YOUR ASSIGNMENT: Nothing after the line containing "that(2) by auto" belongs in the answer; write out exactly every line from the start of the material up to it, including it.

INFORMATION: Begin

lemma interval_in_components_iff:
  fixes S F :: "real set"
  assumes "closed S" "c < d"
  shows "{c<..<d} \<in> components (S - F) \<longleftrightarrow> {c<..<d} \<subseteq> S - F \<and> c \<in> F \<and> d \<in> F"
proof
  assume comp: "{c<..<d} \<in> components (S - F)"
  then have sub: "{c<..<d} \<subseteq> S - F"
    and maximal: "\<And>D. {c<..<d} \<subseteq> D \<Longrightarrow> D \<subseteq> S - F \<Longrightarrow> connected D \<Longrightarrow> D = {c<..<d}"
    unfolding in_components_maximal by blast+
  have "{c..d} \<subseteq> S"
    using closure_minimal[of "{c<..<d}" S] sub assms by auto
  have "c \<in> F"
  proof (rule ccontr)
    assume "c \<notin> F"
    then have "{c..<d} \<subseteq> S - F" using sub \<open>{c..d} \<subseteq> S\<close> by (auto simp: less_le)
    then have "{c..<d} = {c<..<d}" by (intro maximal) auto
    then show False using assms(2) by (metis atLeastLessThan_iff greaterThanLessThan_iff order_refl less_irrefl)
  qed
  moreover have "d \<in> F"
  proof (rule ccontr)
    assume "d \<notin> F"
    then have "{c<..d} \<subseteq> S - F" using sub \<open>{c..d} \<subseteq> S\<close> by (auto simp: less_le)
    then have "{c<..d} = {c<..<d}" by (intro maximal) auto
    then show False using assms(2) by (metis greaterThanAtMost_iff greaterThanLessThan_iff order_refl less_irrefl)
  qed
  ultimately show "{c<..<d} \<subseteq> S - F \<and> c \<in> F \<and> d \<in> F" using sub by blast
next
  assume R: "{c<..<d} \<subseteq> S - F \<and> c \<in> F \<and> d \<in> F"
  have "D \<subseteq> {c<..<d}" if "{c<..<d} \<subseteq> D" "D \<subseteq> S - F" "connected D" for D
  proof
    fix y assume "y \<in> D"
    have mid: "(c + d) / 2 \<in> D" using that(1) assms(2) by auto
    have "c \<notin> D" "d \<notin> D" using R that(2) by auto
    moreover have "c \<in> D" if "y \<le> c"
      using connected_contains_Icc[OF \<open>connected D\<close> \<open>y \<in> D\<close> mid] that assms(2) by auto
    moreover have "d \<in> D" if "d \<le> y"
      using connected_contains_Icc[OF \<open>connected D\<close> mid \<open>y \<in> D\<close>] that assms(2) by auto
    ultimately show "y \<in> {c<..<d}" by force
  qed
  then show "{c<..<d} \<in> components (S - F)"
    using R assms(2) unfolding in_components_maximal by auto
qed

lemma homeo_plus_group_member: "homeo_plus_group G \<Longrightarrow> g \<in> G \<Longrightarrow> homeo_plus g"
  unfolding homeo_plus_group_def by blast

lemma succ_fixed_pairs_iff:
  "(a, b) \<in> succ_fixed_pairs G \<longleftrightarrow>
     a < b \<and> (\<exists>g\<in>G. {a<..<b} \<subseteq> {0..1} - Fix g \<and> a \<in> Fix g \<and> b \<in> Fix g)"
  using interval_in_components_iff[OF closed_atLeastAtMost, of a b 0 1]
  unfolding succ_fixed_pairs_def by blast

lemma succ_fixed_pairs_image:
  assumes G: "homeo_plus_group G" and g: "g \<in> G" and cd: "(c, d) \<in> succ_fixed_pairs G"
  shows "(g c, g d) \<in> succ_fixed_pairs G"
proof -
  obtain h where "c < d" "h \<in> G" and free: "{c<..<d} \<subseteq> {0..1} - Fix h"
    and "c \<in> Fix h" "d \<in> Fix h"
    using cd unfolding succ_fixed_pairs_iff by blast
  have hg: "homeo_plus g" using G g by (rule homeo_plus_group_member)
  have inj: "inj g" and surj: "surj g" using homeo_plus_bij[OF hg] by (auto dest: bij_is_inj bij_is_surj)
  have mono: "strict_mono_on {0..1} g" using hg by (rule homeo_plus_strict_mono_on)
  have unit: "\<And>x. x \<in> {0..1} \<Longrightarrow> g x \<in> {0..1}"
    using hg unfolding homeo_plus_def homeomorphism_def by blast
  define k where "k = g \<circ> (h \<circ> inv g)"
  have "k \<in> G" using G g \<open>h \<in> G\<close> unfolding k_def homeo_plus_group_def by blast
  have Fix_k: "g z \<in> Fix k \<longleftrightarrow> z \<in> Fix h" if "z \<in> {0..1}" for z
    using that unit inv_f_f[OF inj] inj_eq[OF inj] unfolding Fix_def k_def by auto
  have c01: "c \<in> {0..1}" and d01: "d \<in> {0..1}" using \<open>c \<in> Fix h\<close> \<open>d \<in> Fix h\<close> by (auto simp: Fix_def)
  have "{g c<..<g d} \<subseteq> {0..1} - Fix k"
  proof
    fix y assume y: "y \<in> {g c<..<g d}"
    then have "y \<in> {0..1}" using unit[OF c01] unit[OF d01] by auto
    define z where "z = inv g y"
    have gz: "g z = y" unfolding z_def using surj_f_inv_f[OF surj] .
    have z01: "z \<in> {0..1}" unfolding z_def using homeo_plus_inv_in_unit_interval[OF hg \<open>y \<in> {0..1}\<close>] .
    have "z \<in> {c<..<d}"
      using y strict_mono_on_less[OF mono] z01 c01 d01 unfolding gz[symmetric] by auto
    then show "y \<in> {0..1} - Fix k"
      using free Fix_k[OF z01] \<open>y \<in> {0..1}\<close> gz by auto
  qed
  moreover have "g c < g d" using strict_mono_on_less[OF mono c01 d01] \<open>c < d\<close> by simp
  ultimately show ?thesis
    unfolding succ_fixed_pairs_iff
    using \<open>k \<in> G\<close> Fix_k[OF c01] Fix_k[OF d01] \<open>c \<in> Fix h\<close> \<open>d \<in> Fix h\<close> by blast
qed

lemma unlinked_iff:
  assumes "a < b" "c < d"
  shows "\<not> linked (a, b) (c, d) \<longleftrightarrow>
    (c \<in> {a<..<b} \<longleftrightarrow> d \<in> {a<..<b}) \<and> (a \<in> {c<..<d} \<longleftrightarrow> b \<in> {c<..<d})"
proof -
  have "card (S \<inter> {x, y}) = 1 \<longleftrightarrow> (x \<in> S) \<noteq> (y \<in> S)" if "x \<noteq> y" for S and x y :: real
    using that by (cases "x \<in> S"; cases "y \<in> S") (auto simp: Int_insert_right)
  then show ?thesis using assms unfolding linked_def by auto
qed

lemma nested_pair_displaced:
  assumes G: "homeo_plus_group G" and W: "without_linked_fixed_points G"
    and g: "g \<in> G" and ab: "{a<..<b} \<in> components ({0..1} - Fix g)"
    and cd: "(c, d) \<in> succ_fixed_pairs G" and "a < c" "d < b"
  shows "d \<le> g c \<or> g d \<le> c"
proof -
  have hg: "homeo_plus g" using G g by (rule homeo_plus_group_member)
  have "c < d" using cd unfolding succ_fixed_pairs_def by blast
  have "a < b" using \<open>a < c\<close> \<open>c < d\<close> \<open>d < b\<close> by linarith
  then have free: "{a<..<b} \<subseteq> {0..1} - Fix g"
    using ab interval_in_components_iff[OF closed_atLeastAtMost] by blast
  have moved: "g x \<noteq> x" if "x \<in> {c..d}" for x
  proof -
    have "x \<in> {a<..<b}" using that \<open>a < c\<close> \<open>d < b\<close> by auto
    then show ?thesis using free by (auto simp: Fix_def)
  qed
  have "{c..d} \<subseteq> {a<..<b}" using \<open>a < c\<close> \<open>d < b\<close> by auto
  then have "{c..d} \<subseteq> {0..1}" using free by blast
  then have same_side: "g c < c \<longleftrightarrow> g d < d"
    using fixpoint_free_same_side[OF _ continuous_on_subset[OF homeo_plus_continuous_on[OF hg]] moved]
      \<open>c < d\<close> by simp
  have "(g c, g d) \<in> succ_fixed_pairs G" using succ_fixed_pairs_image[OF G g cd] .
  then have "\<not> linked (c, d) (g c, g d)"
    using W cd unfolding without_linked_fixed_points_def by blast
  moreover have "g c < g d"
    using strict_mono_on_less[OF homeo_plus_strict_mono_on[OF hg]] \<open>c < d\<close> \<open>{c..d} \<subseteq> {0..1}\<close> by auto
  ultimately have inside: "g c \<in> {c<..<d} \<longleftrightarrow> g d \<in> {c<..<d}"
    using unlinked_iff \<open>c < d\<close> by blast
  have "g c \<noteq> c" "g d \<noteq> d" using moved \<open>c < d\<close> by auto
  then show ?thesis
  proof (cases "g c < c")
    case True
    then have "g d < d" using same_side by simp
    then show ?thesis using inside True by auto
  next
    case False
    then have "c < g c" "d < g d" using same_side \<open>g c \<noteq> c\<close> \<open>g d \<noteq> d\<close> by auto
    then show ?thesis using inside by auto
  qed
qed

INFORMATION: End

REPLY:
lemma interval_in_components_iff:
  fixes S F :: "real set"
  assumes "closed S" "c < d"
  shows "{c<..<d} \<in> components (S - F) \<longleftrightarrow> {c<..<d} \<subseteq> S - F \<and> c \<in> F \<and> d \<in> F"
proof
  assume comp: "{c<..<d} \<in> components (S - F)"
  then have sub: "{c<..<d} \<subseteq> S - F"
    and maximal: "\<And>D. {c<..<d} \<subseteq> D \<Longrightarrow> D \<subseteq> S - F \<Longrightarrow> connected D \<Longrightarrow> D = {c<..<d}"
    unfolding in_components_maximal by blast+
  have "{c..d} \<subseteq> S"
    using closure_minimal[of "{c<..<d}" S] sub assms by auto
  have "c \<in> F"
  proof (rule ccontr)
    assume "c \<notin> F"
    then have "{c..<d} \<subseteq> S - F" using sub \<open>{c..d} \<subseteq> S\<close> by (auto simp: less_le)
    then have "{c..<d} = {c<..<d}" by (intro maximal) auto
    then show False using assms(2) by (metis atLeastLessThan_iff greaterThanLessThan_iff order_refl less_irrefl)
  qed
  moreover have "d \<in> F"
  proof (rule ccontr)
    assume "d \<notin> F"
    then have "{c<..d} \<subseteq> S - F" using sub \<open>{c..d} \<subseteq> S\<close> by (auto simp: less_le)
    then have "{c<..d} = {c<..<d}" by (intro maximal) auto
    then show False using assms(2) by (metis greaterThanAtMost_iff greaterThanLessThan_iff order_refl less_irrefl)
  qed
  ultimately show "{c<..<d} \<subseteq> S - F \<and> c \<in> F \<and> d \<in> F" using sub by blast
next
  assume R: "{c<..<d} \<subseteq> S - F \<and> c \<in> F \<and> d \<in> F"
  have "D \<subseteq> {c<..<d}" if "{c<..<d} \<subseteq> D" "D \<subseteq> S - F" "connected D" for D
  proof
    fix y assume "y \<in> D"
    have mid: "(c + d) / 2 \<in> D" using that(1) assms(2) by auto
    have "c \<notin> D" "d \<notin> D" using R that(2) by auto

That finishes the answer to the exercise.